### Your task
Copy the lines verbatim, beginning with the line that contains "ultimately show ?thesis" and continuing through the end of the data, and only those lines.

### Data records

lemma box_wt_row:
  assumes s: "s < col al i"
  shows "box_wt al X (i, Suc s) * box_wt al X (Suc i, Suc s) =
    pair_wt (qv ^ (col al i - s)) tv (Arm al (Suc i, Suc s)) X
      (X (i, s)) (X (Suc i, s)) (X (i, Suc s)) (X (Suc i, Suc s))"
proof -
  note A = Arm_left_column[OF s]
  define Q where "Q = qv ^ (col al i - s)"
  have "col al i - s = col al i - Suc s + 1"
    using s by simp
  then have pow: "qv ^ (if P then col al i - Suc s + 1 else 0) = Q ^ of_bool P" for P
    unfolding Q_def by simp
  have arm_i: "arm al (i, Suc s) = card (Arm al (Suc i, Suc s)) + 1"
    unfolding arm_def A(1) card.insert[OF finite_Arm A(2)] by simp
  have count_i: "arm_count (Arm al (i, Suc s)) X (X (i, Suc s)) (X (i, s)) =
     arm_count (Arm al (Suc i, Suc s)) X (X (i, Suc s)) (X (i, s))
       + of_bool (chi3 (X (i, Suc s)) (X (Suc i, Suc s)) (X (i, s)) \<noteq> 1)"
    unfolding A(1) by (rule arm_count_insert[OF finite_Arm A(2)])
  have "box_wt al X (i, Suc s) = Q ^ of_bool (X (i, s) < X (i, Suc s))
      * tv ^ arm_count (Arm al (i, Suc s)) X (X (i, Suc s)) (X (i, s))
      * change_factor Q tv (card (Arm al (Suc i, Suc s)) + 1) (X (i, Suc s)) (X (i, s))"
    unfolding box_wt_def change_factor_def arm_i south.simps leg.simps pow[symmetric]
    using s by (simp add: Q_def add_ac Suc_diff_Suc del: Arm.simps)
  moreover have "box_wt al X (Suc i, Suc s) = Q ^ of_bool (X (Suc i, s) < X (Suc i, Suc s))
      * tv ^ arm_count (Arm al (Suc i, Suc s)) X (X (Suc i, Suc s)) (X (Suc i, s))
      * change_factor Q tv (card (Arm al (Suc i, Suc s))) (X (Suc i, Suc s)) (X (Suc i, s))"
    unfolding box_wt_def change_factor_def arm_def south.simps leg.simps col_eq pow[symmetric]
    using s by (simp add: Q_def add_ac Suc_diff_Suc del: Arm.simps)
  ultimately show ?thesis
    unfolding pair_wt_def count_i Q_def[symmetric] by (simp add: power_add mult_ac del: Arm.simps)
qed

### Result of this exercise
  ultimately show ?thesis
    unfolding pair_wt_def count_i Q_def[symmetric] by (simp add: power_add mult_ac del: Arm.simps)
qed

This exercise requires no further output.